Папки и словари грудой лежали на столе; тщетность слов гнела сознание Прокопа, опустошенное, уязвленное вечными муками проклятых. «Господи, сжалься…» Однако Господь, танцевавший в преисподней, явил жалость, дав пролить свою кровь, явил ее тысячекрат трагичнее, чем наивный Прокоп. И тем не менее Прокоп все повторял и повторял безмолвную свою молитву. Человек, чье присутствие он чувствовал осенью под сенью старой липы, вошел в его душу, и не имело значения, кто это был — Каин, Пилат, Искариот или любой другой предавший любовь. Человек этот превратился в несметные полчища, и полчища эти из бездн души Прокопа обращали к его сознанию взгляды, исполненные невыносимой мукой.

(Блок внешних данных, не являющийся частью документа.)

lemma power_degree_central_recurrence:
  fixes \<phi> :: "'f::field \<Rightarrow> 'r::division_ring"
  assumes "algebra_map \<phi>" "0 < degree p" "alg_eval \<phi> p y \<in> center"
  shows "\<exists>e. (\<forall>i. e i \<in> center) \<and> y ^ degree p = (\<Sum>i<degree p. e i * y ^ i)"
proof -
  define n where "n = degree p"
  define c where "c i = \<phi> (coeff p i)" for i
  define g where "g = alg_eval \<phi> p y"
  define e where "e i = inverse (c n) * ((if i = 0 then g else 0) - c i)" for i
  have c: "c i \<in> center" for i using algebra_map_central[OF assms(1)] by (simp add: c_def)
  have "0 < n" using assms(2) by (simp add: n_def)
  have "coeff p n \<noteq> 0" using assms(2) by (auto simp: n_def)
  then have "c n \<noteq> 0" using algebra_map_nonzero[OF assms(1)] by (simp add: c_def)
  have "g = (\<Sum>i<n. c i * y ^ i) + c n * y ^ n"
    by (simp add: g_def alg_eval_def c_def n_def lessThan_Suc_atMost[symmetric])
  moreover have "g = (\<Sum>i<n. (if i = 0 then g else 0) * y ^ i)"
    using \<open>0 < n\<close> by (cases n) (simp_all add: sum.lessThan_Suc_shift del: sum.lessThan_Suc)
  ultimately have "c n * y ^ n = (\<Sum>i<n. ((if i = 0 then g else 0) - c i) * y ^ i)"
    by (simp add: sum_subtractf algebra_simps)
  then have "inverse (c n) * (c n * y ^ n) = (\<Sum>i<n. e i * y ^ i)"
    by (simp add: e_def sum_distrib_left mult.assoc)
  then have "y ^ n = (\<Sum>i<n. e i * y ^ i)"
    using \<open>c n \<noteq> 0\<close> by (simp add: mult.assoc[symmetric])
  moreover have "e i \<in> center" for i
    using c assms(3) by (auto simp: e_def g_def)
  ultimately show ?thesis by (auto simp: n_def)
qed

lemma alg_eval_central_if_cyclic:
  fixes \<phi> :: "'f::field \<Rightarrow> 'r::division_ring"
  assumes "algebra_map \<phi>" "\<And>s t. alg_eval \<phi> p (s * t) = alg_eval \<phi> p (t * s)"
  shows "alg_eval \<phi> p y \<in> center"
proof (rule centralizerI)
  fix x :: 'r
  show "alg_eval \<phi> p y * x = x * alg_eval \<phi> p y"
  proof (cases "x = 0")
    case False
    have "alg_eval \<phi> p y = alg_eval \<phi> p (x * (inverse x * y))"
      using False by (simp add: mult.assoc[symmetric])
    also have "\<dots> = alg_eval \<phi> p (inverse x * y * x)" by (rule assms(2))
    also have "\<dots> = inverse x * alg_eval \<phi> p y * x" by (rule alg_eval_conjugate[OF assms(1) False])
    finally have "x * alg_eval \<phi> p y = x * inverse x * alg_eval \<phi> p y * x"
      by (simp add: mult.assoc)
    then show ?thesis using False by simp
  qed simp
qed

section \<open>Division rings with infinite center\<close>

lemma central_power_sum_diff_factor:
  fixes w :: "nat \<Rightarrow> 'a::ring_1"
  assumes \<mu>: "\<mu> \<in> center"
  shows "\<exists>v. v m = w (Suc m) \<and> (\<forall>t\<in>center.
    (\<Sum>i\<le>Suc m. t ^ i * w i) - (\<Sum>i\<le>Suc m. \<mu> ^ i * w i) = (t - \<mu>) * (\<Sum>i\<le>m. t ^ i * v i))"
proof (induction m arbitrary: w)
  case 0
  show ?case by (intro exI[of _ "\<lambda>_. w 1"]) (simp add: algebra_simps)
next
  case (Suc m)
  obtain v' where v': "\<And>t. t \<in> center \<Longrightarrow>
      (\<Sum>i\<le>Suc m. t ^ i * w (Suc i)) - (\<Sum>i\<le>Suc m. \<mu> ^ i * w (Suc i)) = (t - \<mu>) * (\<Sum>i\<le>m. t ^ i * v' i)"
    using Suc[of "\<lambda>i. w (Suc i)"] by blast
  define v where "v i = w (Suc i) + (if i \<le> m then \<mu> * v' i else 0)" for i
  have "(\<Sum>i\<le>Suc (Suc m). t ^ i * w i) - (\<Sum>i\<le>Suc (Suc m). \<mu> ^ i * w i)
      = (t - \<mu>) * (\<Sum>i\<le>Suc m. t ^ i * v i)" if t: "t \<in> center" for t
  proof -
    define A where "A x = (\<Sum>i\<le>Suc m. x ^ i * w (Suc i))" for x
    define B where "B = (\<Sum>i\<le>m. t ^ i * v' i)"
    have shift: "(\<Sum>i\<le>Suc (Suc m). x ^ i * w i) = w 0 + x * A x" for x
      unfolding A_def by (subst sum.atMost_Suc_shift) (simp add: sum_distrib_left mult.assoc del: sum.atMost_Suc)
    have "\<mu> * (t ^ i * v' i) = t ^ i * (\<mu> * v' i)" for i
      using centerD[OF \<mu>, of "t ^ i"] by (simp add: mult.assoc[symmetric])
    then have "\<mu> * B = (\<Sum>i\<le>m. t ^ i * (\<mu> * v' i))"
      unfolding B_def sum_distrib_left by simp
    then have sum_v: "A t + \<mu> * B = (\<Sum>i\<le>Suc m. t ^ i * v i)"
      by (simp add: A_def v_def distrib_left sum.distrib del: sum.atMost_Suc) simp
    have "(\<Sum>i\<le>Suc (Suc m). t ^ i * w i) - (\<Sum>i\<le>Suc (Suc m). \<mu> ^ i * w i) = t * A t - \<mu> * A \<mu>"
      by (simp only: shift) simp
    also have "\<dots> = (t - \<mu>) * A t + \<mu> * (A t - A \<mu>)"
      by (simp add: algebra_simps)
    also have "\<mu> * (A t - A \<mu>) = (t - \<mu>) * (\<mu> * B)"
      using v'[OF t] centerD[OF \<mu>, of "t - \<mu>"] by (simp add: A_def B_def mult.assoc[symmetric])
    finally show ?thesis by (simp only: sum_v distrib_left[symmetric])
  qed
  moreover have "v (Suc m) = w (Suc (Suc m))" by (simp add: v_def)
  ultimately show ?case by blast
qed
theorem theorem8:
  fixes X :: "'a set" and y :: "'a \<Rightarrow> real" and m u :: nat
    and H :: "('a \<Rightarrow> real) set" and B \<beta> \<delta> :: real
    and L :: "'a set \<Rightarrow> 'a \<Rightarrow> real"
  assumes "finite X" and "card X = m + u" and "m \<ge> 1" and "u \<ge> 1"
    and "B > 0" and "bounded_hyp y X H B"
    and "\<And>S. S \<in> train_sets X m \<Longrightarrow> L S \<in> H"
    and "cost_stable y X m L \<beta>"
    and "\<delta> > 0"
  shows "measure_pmf.prob (pmf_of_set (train_sets X m))
           {S. test_err y X S (L S) \<le> train_err y S (L S) + \<beta>
                + (2 * \<beta> + B^2 * (real m + real u) / (real m * real u))
                  * sqrt (alpha m u * ln (1 / \<delta>) / 2)}
         \<ge> 1 - \<delta>"
proof (cases "\<delta> < 1")
  case False
  then show ?thesis by (meson diff_le_0_iff_le measure_nonneg not_le order_trans)
next
  case True
  note X = assms(1,2) and mu = assms(3,4)
  define TS where "TS = train_sets X m"
  define \<Phi> where "\<Phi> = (\<lambda>S. test_err y X S (L S) - train_err y S (L S))"
  define C where "C = 2 * \<beta> + B^2 * (real m + real u) / (real m * real u)"
  define \<epsilon> where "\<epsilon> = C * sqrt (alpha m u * ln (1 / \<delta>) / 2)"
  have "B^2 * (real m + real u) / (real m * real u) > 0" using mu assms(5) by simp
  then have C: "C = 2 * \<beta> + B^2 / real m + B^2 / real u" "C > 0"
    using mu cost_stable_nonneg[OF X mu assms(8)] unfolding C_def by (simp add: field_simps, linarith)
  have \<epsilon>: "\<epsilon> > 0" unfolding \<epsilon>_def using C(2) alpha_pos[OF mu] True assms(9) by simp
  have tail: "real (card {S\<in>TS. \<Phi> S - avg TS \<Phi> \<ge> \<epsilon>}) \<le> \<delta> * real (card TS)"
    using mcdiarmid_alpha[OF X mu gap_bounded_diff[OF X mu assms(6-8), folded C(1) \<Phi>_def] C(2) \<epsilon>]
      tail_at_deviation[OF C(2) alpha_pos[OF mu] assms(9) True]
    unfolding TS_def \<epsilon>_def by simp
  have "{S\<in>TS. S \<notin> {S. test_err y X S (L S) \<le> train_err y S (L S) + \<beta> + \<epsilon>}}
        \<subseteq> {S\<in>TS. \<Phi> S - avg TS \<Phi> \<ge> \<epsilon>}"
    using avg_gap_le[OF X mu assms(8)] unfolding TS_def \<Phi>_def by auto
  from prob_pmf_of_set_ge[OF _ _ this _ tail] show ?thesis
    using train_sets_finite[OF X(1)] train_sets_nonempty[OF X(1), of m] X
    unfolding TS_def \<epsilon>_def C_def by auto
qed
(* Let $a,b$ be nonnegative integers with $a\ge b$. If $n\ge a+b$, then $\{\Phi_0,\Phi_1,\dots,\Phi_b\}$ is a basis of the $K$-vector space $\operatorname{Hom}_G(\Lambda^a\otimes\Lambda^b,\Lambda^a\otimes\Lambda^b)$.
   Context: $K$ is a field of characteristic zero, $G=GL(n,K)$, $V=K^n$, $\Lambda=\bigoplus_i\Lambda^i$ the exterior algebra of $V$. $m$ is multiplication and $\Delta_{s,t}:\Lambda^{s+t}\to\Lambda^s\otimes\Lambda^t$ the comultiplication component $v_1\cdots v_{s+t}\mapsto\sum_\sigma\mathrm{sgn}(\sigma)v_{\sigma(1)}\cdots v_{\sigma(s)}\otimes v_{\sigma(s+1)}\cdots v_{\sigma(s+t)}$ (permutations increasing on the first $s$ and on the last $t$ positions). For $0\le t\le b$: $\delta_t=(m\otimes1)\circ(1\otimes\Delta_{t,b-t}):\Lambda^a\otimes\Lambda^b\to\Lambda^{a+t}\otimes\Lambda^{b-t}$, $\theta_t=(1\otimes m)\circ(\Delta_{a,t}\otimes1):\Lambda^{a+t}\otimes\Lambda^{b-t}\to\Lambda^{a}\otimes\Lambda^{b}$, and $\Phi_t=\theta_t\circ\delta_t$ (so $\Phi_0$ is the identity). *)

theory Defs
  imports Main
begin

text \<open>Coordinates: V = K^n with standard basis e_0,...,e_{n-1}. The exterior power
Lambda^k has basis e_S (S a k-subset of {0..<n}, wedge of e_s in increasing order).
An element of Lambda^a (x) Lambda^b is a coefficient function on pairs (S,T);
the space W n a b consists of those supported on k-subsets.\<close>

type_synonym 'a tensor = "nat set \<times> nat set \<Rightarrow> 'a"
lemma mult_nonzero: "(a::'a) \<noteq> 0 \<Longrightarrow> b \<noteq> 0 \<Longrightarrow> a*b \<noteq> 0"
  using degree_function unfolding degree_function_def by auto

lemma deg_mult: "a \<noteq> 0 \<Longrightarrow> b \<noteq> 0 \<Longrightarrow> deg (a*b) = deg a + deg b"
  using degree_function unfolding degree_function_def by blast

lemma deg_add_le: "a \<noteq> 0 \<Longrightarrow> b \<noteq> 0 \<Longrightarrow> a + b \<noteq> 0 \<Longrightarrow> deg (a + b) \<le> max (deg a) (deg b)"
  using degree_function unfolding degree_function_def by blast

lemma deg_eq_0_iff: "a \<noteq> 0 \<Longrightarrow> deg a = 0 \<longleftrightarrow> unit_R a"
  using degree_function unfolding degree_function_def by blast

lemma deg_unit: "unit_R u \<Longrightarrow> deg u = 0"
  using deg_eq_0_iff unit_R_nonzero by blast

lemma deg_unit_mult: "unit_R u \<Longrightarrow> a \<noteq> 0 \<Longrightarrow> deg (u*a) = deg a"
  by (simp add: deg_mult deg_unit unit_R_nonzero)

lemma deg_uminus: "deg (-a) = deg a"
  using deg_unit_mult[of "-1" a] unit_R_uminus[of 1] by (cases "a = 0") (auto simp: unit_R_def)

lemma deg_nonconstant: "nonconstant x \<Longrightarrow> deg x \<ge> 1"
  unfolding nonconstant_def using deg_eq_0_iff by fastforce

lemma deg_add_dominant:
  assumes "a \<noteq> 0" "b = 0 \<or> deg b < deg a"
  shows "a + b \<noteq> 0 \<and> deg (a + b) = deg a"
proof (cases "b = 0")
  case False
  with assms have lt: "deg b < deg a" by simp
  have nz: "a + b \<noteq> 0"
    using lt deg_uminus by (metis add_eq_0_iff less_irrefl)
  have "deg (a + b) \<le> max (deg a) (deg b)"
    using deg_add_le assms(1) False nz by blast
  moreover have "deg ((a + b) + -b) \<le> max (deg (a + b)) (deg (-b))"
    using deg_add_le[of "a + b" "-b"] nz False assms(1) by simp
  ultimately show ?thesis using nz lt deg_uminus by simp
qed (use assms in simp)

lemma deg_diff_less:
  assumes "x = 0 \<or> deg x < D" "y = 0 \<or> deg y < D"
  shows "x - y = 0 \<or> deg (x - y) < D"
  using assms deg_add_le[of x "-y"] deg_uminus by (cases "x = 0 \<or> y = 0") fastforce+
definition min_time ::
  "(real ^ 'n \<Rightarrow> real ^ 'm \<Rightarrow> real ^ 'n) \<Rightarrow> (real ^ 'm) set \<Rightarrow> real ^ 'n \<Rightarrow> ereal" where
  "min_time f U x = Inf (ereal ` {\<theta>. \<theta> \<ge> 0 \<and>
      (\<exists>u y. admissible_control U u \<and> is_trajectory f x u y \<and> y \<theta> = 0)})"

definition reach_set ::
  "(real ^ 'n \<Rightarrow> real ^ 'm \<Rightarrow> real ^ 'n) \<Rightarrow> (real ^ 'm) set \<Rightarrow> ereal \<Rightarrow> (real ^ 'n) set" where
  "reach_set f U t = {x. min_time f U x \<le> t}"

definition min_hamiltonian ::
  "(real ^ 'n \<Rightarrow> real ^ 'm \<Rightarrow> real ^ 'n) \<Rightarrow> (real ^ 'm) set \<Rightarrow> real ^ 'n \<Rightarrow> real ^ 'n \<Rightarrow> real" where
  "min_hamiltonian f U x p = Inf ((\<lambda>u. p \<bullet> f x u) ` U)"

definition optimal_control ::
  "(real ^ 'n \<Rightarrow> real ^ 'm \<Rightarrow> real ^ 'n) \<Rightarrow> (real ^ 'm) set \<Rightarrow> real ^ 'n \<Rightarrow> (real \<Rightarrow> real ^ 'm) \<Rightarrow> bool" where
  "optimal_control f U x u \<longleftrightarrow> admissible_control U u \<and>
     (\<exists>t y. min_time f U x = ereal t \<and> is_trajectory f x u y \<and> y t = 0)"

definition optimal_point ::
  "(real ^ 'n \<Rightarrow> real ^ 'm \<Rightarrow> real ^ 'n) \<Rightarrow> (real ^ 'm) set \<Rightarrow> real ^ 'n \<Rightarrow> bool" where
  "optimal_point f U x \<longleftrightarrow> x \<noteq> 0 \<and>
     (\<exists>x1 u y t1. min_time f U x1 = ereal t1 \<and> min_time f U x1 > min_time f U x \<and>
        admissible_control U u \<and> is_trajectory f x1 u y \<and> y t1 = 0 \<and>
        y (t1 - real_of_ereal (min_time f U x)) = x)"

definition bang_bang_on :: "(real ^ 'm) set \<Rightarrow> real \<Rightarrow> (real \<Rightarrow> real ^ 'm) \<Rightarrow> bool" where
  "bang_bang_on U T u \<longleftrightarrow> (\<exists>S. finite S \<and>
     (\<forall>t\<in>{0..T} - S. u t extreme_point_of U) \<and>
     (\<forall>s t. 0 \<le> s \<and> s \<le> t \<and> t \<le> T \<and> {s..t} \<inter> S = {} \<longrightarrow> u s = u t))"

definition proximal_normal :: "'a::real_inner set \<Rightarrow> 'a \<Rightarrow> 'a set" where
  "proximal_normal K x = {v. \<exists>\<sigma>\<ge>0. \<forall>y\<in>K. inner v (y - x) \<le> \<sigma> * (norm (y - x))\<^sup>2}"

definition locally_closed :: "'a::metric_space set \<Rightarrow> bool" where
  "locally_closed K \<longleftrightarrow> (\<forall>x\<in>K. \<exists>e>0. closed (K \<inter> cball x e))"

definition locally_positive_reach :: "'a::real_inner set \<Rightarrow> bool" where
  "locally_positive_reach K \<longleftrightarrow> locally_closed K \<and>
     (\<exists>\<phi>. continuous_on K \<phi> \<and> (\<forall>x\<in>K. \<phi> x \<ge> (0::real)) \<and>
        (\<forall>x\<in>K. \<forall>y\<in>K. \<forall>v\<in>proximal_normal K x.
           inner v (y - x) \<le> \<phi> x * norm v * (norm (y - x))\<^sup>2))"

definition epigraph :: "('a \<Rightarrow> ereal) \<Rightarrow> ('a \<times> real) set" where
  "epigraph T = {(y, \<beta>). T y \<le> ereal \<beta>}"

end

(*
  (a) Follow a nearly optimal trajectory from x for a short time a. Its end point lies in
  R_T(x) and has moved by O(a), so the proximal inequality bounds <zeta, y(a) - x> by O(a^2),
  whereas the dynamics force this quantity to be at least a h(x,zeta) - O(a^2). Letting a -> 0
  gives h(x,zeta) <= 0.

  (b) A point (y, beta) of epi(T) near (x, T(x)) is transported into R_T(x): if beta <= T(x), by
  flowing backwards from y for time T(x) - beta with a control realising h(x,zeta); if
  beta > T(x) and T(y) > T(x), by following a nearly optimal trajectory from y for a time of
  order beta - T(x). The proximal inequality at the transported point and a first order
  expansion of the flow give the proximal inequality for (zeta, h(x,zeta)) with a quadratic
  remainder. Far from (x, T(x)) the inequality follows from Cauchy-Schwarz.
*)
theory Submission
  imports Defs
begin

lemma inner_integral_le:
  fixes G :: "real \<Rightarrow> 'a::euclidean_space"
  assumes G: "G integrable_on {a..b}" and "a \<le> b" and bound: "\<And>r. r \<in> {a..b} \<Longrightarrow> \<zeta> \<bullet> G r \<le> c"
  shows "\<zeta> \<bullet> integral {a..b} G \<le> (b - a) * c"
proof -
  have "\<zeta> \<bullet> integral {a..b} G = integral {a..b} (\<lambda>r. \<zeta> \<bullet> G r)"
    using integral_component_eq[OF G, of \<zeta>] by (simp add: inner_commute)
  also have "\<dots> \<le> integral {a..b} (\<lambda>r. c)"
    using integrable_component[OF G, of \<zeta>] bound by (intro integral_le) (auto simp: inner_commute)
  finally show ?thesis
    using \<open>a \<le> b\<close> by simp
qed

lemma inner_integral_ge:
  fixes G :: "real \<Rightarrow> 'a::euclidean_space"
  assumes "G integrable_on {a..b}" "a \<le> b" "\<And>r. r \<in> {a..b} \<Longrightarrow> c \<le> \<zeta> \<bullet> G r"
  shows "(b - a) * c \<le> \<zeta> \<bullet> integral {a..b} G"
  using inner_integral_le[of G a b "-\<zeta>" "-c"] assms by simp

lemma norm_integral_le_length:
  fixes G :: "real \<Rightarrow> 'a::banach"
  assumes "G integrable_on {a..b}" "a \<le> b" "0 \<le> c" "\<And>r. r \<in> {a..b} \<Longrightarrow> norm (G r) \<le> c"
  shows "norm (integral {a..b} G) \<le> (b - a) * c"
  using has_integral_bound_real[of c "{}" G "integral {a..b} G" a b] assms
  by (simp add: integrable_integral mult.commute)

text \<open>Applied at a maximum point of \<open>g\<close>; for short times this replaces Gronwall's lemma.\<close>
lemma bound_of_affine_self_bound:
  fixes g :: "real \<Rightarrow> real"
  assumes "continuous_on {0..a} g" "0 \<le> a" "0 \<le> L" "a * L \<le> 1/2"
    and nonneg: "\<And>r. r \<in> {0..a} \<Longrightarrow> 0 \<le> g r"
    and self_bound: "\<And>M r. (\<And>\<rho>. \<rho> \<in> {0..a} \<Longrightarrow> g \<rho> \<le> M) \<Longrightarrow> r \<in> {0..a} \<Longrightarrow> g r \<le> a * (K + L * M)"
    and r: "r \<in> {0..a}"
  shows "g r \<le> 2 * a * K"
proof -
  obtain r0 where r0: "r0 \<in> {0..a}" and max: "\<And>\<rho>. \<rho> \<in> {0..a} \<Longrightarrow> g \<rho> \<le> g r0"
    using continuous_attains_sup[of "{0..a}" g] assms(1,2) by auto
  have "g r0 \<le> a * (K + L * g r0)"
    using self_bound[OF max r0] .
  moreover have "a * L * g r0 \<le> g r0 / 2"
    using mult_right_mono[OF assms(4) nonneg[OF r0]] by simp
  ultimately have "g r0 \<le> 2 * a * K"
    by (simp add: algebra_simps)
  then show ?thesis
    using max[OF r] by simp
qed

lemma continuous_on_of_norm_lipschitz:
  assumes "\<And>v w. norm (F v - F w) \<le> L * norm (v - w)" "0 \<le> L"
  shows "continuous_on S F"
  by (rule lipschitz_on_continuous_on[of L]) (use assms in \<open>auto intro: lipschitz_onI simp: dist_norm\<close>)

lemma lipschitz_backward_solution:
  fixes F :: "'a::banach \<Rightarrow> 'a"
  assumes lip: "\<And>v w. norm (F v - F w) \<le> L * norm (v - w)"
    and "0 \<le> L" "0 \<le> s" "s * L \<le> 1/2"
  obtains \<phi> where "continuous_on {0..s} \<phi>"
    and "\<And>r. r \<in> {0..s} \<Longrightarrow> \<phi> r = z - integral {r..s} (\<lambda>\<rho>. F (\<phi> \<rho>))"
proof -
  have F_cont: "continuous_on UNIV F"
    using continuous_on_of_norm_lipschitz[OF lip \<open>0 \<le> L\<close>] .
  \<comment> \<open>Picard operator on bounded continuous functions, clamped to \<open>[0, s]\<close>; by \<open>s L \<le> 1/2\<close>
    it is a contraction.\<close>
  define Q where "Q \<phi> r = z - integral {r..s} (\<lambda>\<rho>. F (apply_bcontfun \<phi> \<rho>))"
    for \<phi> :: "real \<Rightarrow>\<^sub>C 'a" and r
  have int: "(\<lambda>\<rho>. F (apply_bcontfun \<phi> \<rho>)) integrable_on {a..b}" for \<phi> :: "real \<Rightarrow>\<^sub>C 'a" and a b
    by (intro integrable_continuous_real continuous_on_compose2[OF F_cont] continuous_on_apply_bcontfun)
      auto
  have "\<forall>\<phi>. \<exists>\<psi>::real \<Rightarrow>\<^sub>C 'a. \<forall>r. \<psi> r = Q \<phi> (clamp 0 s r)"
  proof
    fix \<phi>
    have "continuous_on {0..s} (Q \<phi>)"
      unfolding Q_def by (intro continuous_intros indefinite_integral_continuous_1' int)
    then obtain \<psi> :: "real \<Rightarrow>\<^sub>C 'a" where "\<And>r. \<psi> r = Q \<phi> (clamp 0 s r)"
      using continuous_on_cbox_bcontfunE[of 0 s "Q \<phi>"] by (auto simp: cbox_interval)
    then show "\<exists>\<psi>::real \<Rightarrow>\<^sub>C 'a. \<forall>r. \<psi> r = Q \<phi> (clamp 0 s r)" by blast
  qed
  from choice[OF this] obtain P :: "(real \<Rightarrow>\<^sub>C 'a) \<Rightarrow> (real \<Rightarrow>\<^sub>C 'a)"
    where P: "\<And>\<phi> r. P \<phi> r = Q \<phi> (clamp 0 s r)"
    by blast
  have clamp: "clamp 0 s r \<in> {0..s}" for r
    using clamp_in_interval[of 0 s r] \<open>0 \<le> s\<close> by (simp add: cbox_interval)
  have "dist (P \<phi>1 r) (P \<phi>2 r) \<le> (1/2) * dist \<phi>1 \<phi>2" for \<phi>1 \<phi>2 r
  proof -
    have "dist (P \<phi>1 r) (P \<phi>2 r)
        = norm (integral {clamp 0 s r..s} (\<lambda>\<rho>. F (\<phi>2 \<rho>) - F (\<phi>1 \<rho>)))"
      unfolding P Q_def dist_norm by (subst integral_diff) (auto intro: int simp: algebra_simps)
    also have "\<dots> \<le> (s - clamp 0 s r) * (L * dist \<phi>1 \<phi>2)"
    proof (rule norm_integral_le_length)
      fix \<rho>
      have "norm (F (\<phi>2 \<rho>) - F (\<phi>1 \<rho>)) \<le> L * norm (\<phi>2 \<rho> - \<phi>1 \<rho>)"
        by (rule lip)
      also have "\<dots> \<le> L * dist \<phi>1 \<phi>2"
        using dist_bounded[of \<phi>2 \<rho> \<phi>1] \<open>0 \<le> L\<close>
        by (auto intro!: mult_left_mono simp: dist_norm norm_minus_commute)
      finally show "norm (F (\<phi>2 \<rho>) - F (\<phi>1 \<rho>)) \<le> L * dist \<phi>1 \<phi>2" .
    qed (use clamp[of r] \<open>0 \<le> L\<close> in \<open>auto intro: integrable_diff int\<close>)
    also have "\<dots> \<le> s * (L * dist \<phi>1 \<phi>2)"
      using clamp[of r] \<open>0 \<le> L\<close> by (intro mult_right_mono) auto
    also have "\<dots> \<le> (1/2) * dist \<phi>1 \<phi>2"
      using mult_right_mono[OF \<open>s * L \<le> 1/2\<close>, of "dist \<phi>1 \<phi>2"] by (simp add: algebra_simps)
    finally show ?thesis .
  qed
  then have "dist (P \<phi>1) (P \<phi>2) \<le> (1/2) * dist \<phi>1 \<phi>2" for \<phi>1 \<phi>2
    by (intro dist_bound)
  then obtain \<phi> where "P \<phi> = \<phi>"
    using banach_fix_type[of "1/2" P] by auto
  then have "\<phi> r = z - integral {r..s} (\<lambda>\<rho>. F (\<phi> \<rho>))" if "r \<in> {0..s}" for r
    using P[of \<phi> r] clamp_cancel_cbox[of r 0 s] that by (simp add: Q_def cbox_interval)
  then show ?thesis
    using that continuous_on_apply_bcontfun by blast
qed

О, кто, после того как увидел хотя бы на мгновение этот взгляд низверженных, взгляд, полный ужаса, осмелился бы возжелать спасения лишь для себя одного? Ибо жажда помочь проклятым без надежд на прощение тут же затмевает все прочие мысли. А может затмить и разум.

Все погрузилось в безмолвие. Листва старой липы закаменела в сердце Прокопа, а ледяная ее тень после той ночи стала сгущаться, постепенно становясь монолитной. Еще не зная того, Прокоп только что вступил на дорогу изгнания в неумолимое одиночество отрекшихся от Бога.